**What the task requires:**
When a line of the entries contains "circ", please list that line.

+ + +

lemma inj_on_subspace_ball_of_derivative:
  fixes f :: "'a::real_normed_vector \<Rightarrow> 'b::real_normed_vector"
  assumes "open V" "v0 \<in> V"
    and deriv: "\<And>v. v \<in> V \<Longrightarrow> (f has_derivative blinfun_apply (f' v)) (at v)"
    and cont: "isCont f' v0" and L: "subspace L" and "B > 0"
    and lower: "\<And>w. w \<in> L \<Longrightarrow> norm w \<le> B * norm (f' v0 w)"
  obtains r where "r > 0" "inj_on f (L \<inter> ball v0 r)"
proof -
  obtain r1 where "r1 > 0" "ball v0 r1 \<subseteq> V"
    using assms(1,2) open_contains_ball by blast
  have "1 / (2 * B) > 0"
    using \<open>B > 0\<close> by simp
  then obtain r2 where "r2 > 0" and r2: "\<And>v. dist v v0 < r2 \<Longrightarrow> dist (f' v) (f' v0) < 1 / (2 * B)"
    using cont unfolding continuous_at_eps_delta by blast
  define r where "r = min r1 r2"
  have "inj_on f (L \<inter> ball v0 r)"
  proof (rule inj_onI)
    fix a b
    assume a: "a \<in> L \<inter> ball v0 r" and b: "b \<in> L \<inter> ball v0 r" and "f a = f b"
    have segment: "a + t *\<^sub>R (b - a) \<in> ball v0 r" if "t \<in> {0..1}" for t
    proof -
      have "(1 - t) *\<^sub>R a + t *\<^sub>R b \<in> ball v0 r"
        using convex_ball[of v0 r] a b that unfolding convex_alt by auto
      moreover have "(1 - t) *\<^sub>R a + t *\<^sub>R b = a + t *\<^sub>R (b - a)"
        by (simp add: algebra_simps)
      ultimately show ?thesis
        by simp
    qed
    have deriv_ball: "(f has_derivative f' y) (at y within ball v0 r)" if "y \<in> ball v0 r" for y
      using that \<open>ball v0 r1 \<subseteq> V\<close>
      by (intro has_derivative_at_withinI[OF deriv]) (auto simp: r_def)
    have close: "onorm (blinfun_apply (f' y) - blinfun_apply (f' v0)) \<le> 1 / (2 * B)"
      if "y \<in> ball v0 r" for y
    proof -
      have "onorm (blinfun_apply (f' y) - blinfun_apply (f' v0)) = dist (f' y) (f' v0)"
        by (simp add: dist_norm norm_blinfun.rep_eq minus_blinfun.rep_eq fun_diff_def)
      then show ?thesis
        using r2[of y] that by (simp add: r_def dist_commute)
    qed
    have "v0 \<in> ball v0 r"
      using \<open>r1 > 0\<close> \<open>r2 > 0\<close> by (simp add: r_def)
    from differentiable_bound_linearization[OF segment deriv_ball close this]
    have "2 * (B * norm (f' v0 (b - a))) \<le> norm (b - a)"
      using \<open>f a = f b\<close> \<open>B > 0\<close> by (simp add: field_simps)
    moreover have "norm (b - a) \<le> B * norm (f' v0 (b - a))"
      using a b L by (intro lower) (simp add: subspace_diff)
    ultimately have "norm (b - a) \<le> 0"
      by linarith
    then show "a = b"
      by simp
  qed
  moreover have "r > 0"
    using \<open>r1 > 0\<close> \<open>r2 > 0\<close> by (simp add: r_def)
  ultimately show ?thesis
    using that by blast
qed

definition C1_chart ::
    "'a::real_normed_vector set \<Rightarrow> 'a set \<Rightarrow> 'a set \<Rightarrow> ('a \<Rightarrow> 'a) \<Rightarrow> ('a \<Rightarrow> 'a) \<Rightarrow> 'a set \<Rightarrow>
      ('a \<Rightarrow> 'a \<Rightarrow>\<^sub>L 'a) \<Rightarrow> ('a \<Rightarrow> 'a \<Rightarrow>\<^sub>L 'a) \<Rightarrow> bool" where
  "C1_chart M U V \<phi> \<psi> L \<phi>' \<psi>' \<longleftrightarrow>
     open U \<and> open V \<and> subspace L \<and> (\<forall>u\<in>U. \<psi> (\<phi> u) = u) \<and>
     \<phi> ` (M \<inter> U) = V \<inter> L \<and>
     (\<forall>u\<in>U. (\<phi> has_derivative blinfun_apply (\<phi>' u)) (at u)) \<and>
     (\<forall>v\<in>V. (\<psi> has_derivative blinfun_apply (\<psi>' v)) (at v)) \<and>
     (\<forall>v\<in>V. isCont \<psi>' v) \<and>
     (\<forall>u\<in>U. \<forall>w. \<phi>' u (\<psi>' (\<phi> u) w) = w)"

lemma C2_submanifold_C1_chart:
  fixes M :: "(real^'n::finite) set"
  assumes "C2_submanifold M" "x \<in> M"
  obtains U V \<phi> \<psi> L \<phi>' \<psi>' where "C1_chart M U V \<phi> \<psi> L \<phi>' \<psi>'" "x \<in> U"
proof -
  obtain U V \<phi> \<psi> L where chart: "open U" "x \<in> U" "open V" "subspace L"
      "\<phi> ` U = V" "\<forall>u\<in>U. \<psi> (\<phi> u) = u" "\<forall>v\<in>V. \<phi> (\<psi> v) = v"
      "C2_on U \<phi>" "C2_on V \<psi>" "\<phi> ` (M \<inter> U) = V \<inter> L"
    using assms unfolding C2_submanifold_def by metis
  obtain \<phi>' where \<phi>': "\<forall>u\<in>U. (\<phi> has_derivative blinfun_apply (\<phi>' u)) (at u)"
    using chart(8) unfolding C2_on_def by blast
  obtain \<psi>' \<psi>'' where \<psi>': "\<forall>v\<in>V. (\<psi> has_derivative blinfun_apply (\<psi>' v)) (at v)"
      and \<psi>'': "\<forall>v\<in>V. (\<psi>' has_derivative blinfun_apply (\<psi>'' v)) (at v)"
    using chart(9) unfolding C2_on_def by blast
  have inverse: "\<phi>' u (\<psi>' (\<phi> u) w) = w" if "u \<in> U" for u w
  proof -
    have "\<phi> u \<in> V"
      using chart(5) that by blast
    have "(\<phi> has_derivative blinfun_apply (\<phi>' u)) (at (\<psi> (\<phi> u)))"
      using \<phi>' chart(6) that by simp
    with \<psi>' \<open>\<phi> u \<in> V\<close> have "((\<phi> \<circ> \<psi>) has_derivative (\<phi>' u \<circ> \<psi>' (\<phi> u))) (at (\<phi> u))"
      by (intro diff_chain_at) auto
    moreover have "((\<phi> \<circ> \<psi>) has_derivative id) (at (\<phi> u))"
      by (rule has_derivative_transform_within_open[OF has_derivative_id chart(3) \<open>\<phi> u \<in> V\<close>])
        (use chart(7) in simp)
    ultimately have "blinfun_apply (\<phi>' u) \<circ> blinfun_apply (\<psi>' (\<phi> u)) = id"
      by (rule has_derivative_unique)
    then show ?thesis
      by (metis comp_apply id_apply)
  qed
  have "\<forall>v\<in>V. isCont \<psi>' v"
    using \<psi>'' has_derivative_continuous by blast
  with chart \<phi>' \<psi>' inverse have "C1_chart M U V \<phi> \<psi> L \<phi>' \<psi>'"
    unfolding C1_chart_def by blast
  with chart(2) show ?thesis
    using that by blast
qed

lemma C1_chartD:
  assumes "C1_chart M U V \<phi> \<psi> L \<phi>' \<psi>'"
  shows "open U" "open V" "subspace L"
    and "\<And>u. u \<in> U \<Longrightarrow> \<psi> (\<phi> u) = u"
    and "\<And>u. u \<in> M \<inter> U \<Longrightarrow> \<phi> u \<in> V \<inter> L"
    and "\<And>v. v \<in> V \<inter> L \<Longrightarrow> \<psi> v \<in> M"
    and "\<And>u. u \<in> U \<Longrightarrow> (\<phi> has_derivative blinfun_apply (\<phi>' u)) (at u)"
    and "\<And>v. v \<in> V \<Longrightarrow> (\<psi> has_derivative blinfun_apply (\<psi>' v)) (at v)"
    and "\<And>v. v \<in> V \<Longrightarrow> isCont \<psi>' v"
    and "\<And>u w. u \<in> U \<Longrightarrow> \<phi>' u (\<psi>' (\<phi> u) w) = w"
proof -
  show "\<psi> v \<in> M" if "v \<in> V \<inter> L" for v
  proof -
    have "v \<in> \<phi> ` (M \<inter> U)"
      using assms that unfolding C1_chart_def by simp
    then obtain m where "m \<in> M \<inter> U" "v = \<phi> m"
      by blast
    then show ?thesis
      using assms unfolding C1_chart_def by simp
  qed
  show "\<phi> u \<in> V \<inter> L" if "u \<in> M \<inter> U" for u
    using assms that unfolding C1_chart_def by blast
qed (use assms in \<open>simp_all add: C1_chart_def\<close>)

definition locally_fixed :: "'a::topological_space set \<Rightarrow> ('a \<Rightarrow> 'a) \<Rightarrow> 'a \<Rightarrow> bool" where
  "locally_fixed M s x \<longleftrightarrow> (\<forall>\<^sub>F z in nhds x. z \<in> M \<longrightarrow> s z = z)"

+ + +

**Output:**
    with \<psi>' \<open>\<phi> u \<in> V\<close> have "((\<phi> \<circ> \<psi>) has_derivative (\<phi>' u \<circ> \<psi>' (\<phi> u))) (at (\<phi> u))"
    moreover have "((\<phi> \<circ> \<psi>) has_derivative id) (at (\<phi> u))"
    ultimately have "blinfun_apply (\<phi>' u) \<circ> blinfun_apply (\<psi>' (\<phi> u)) = id"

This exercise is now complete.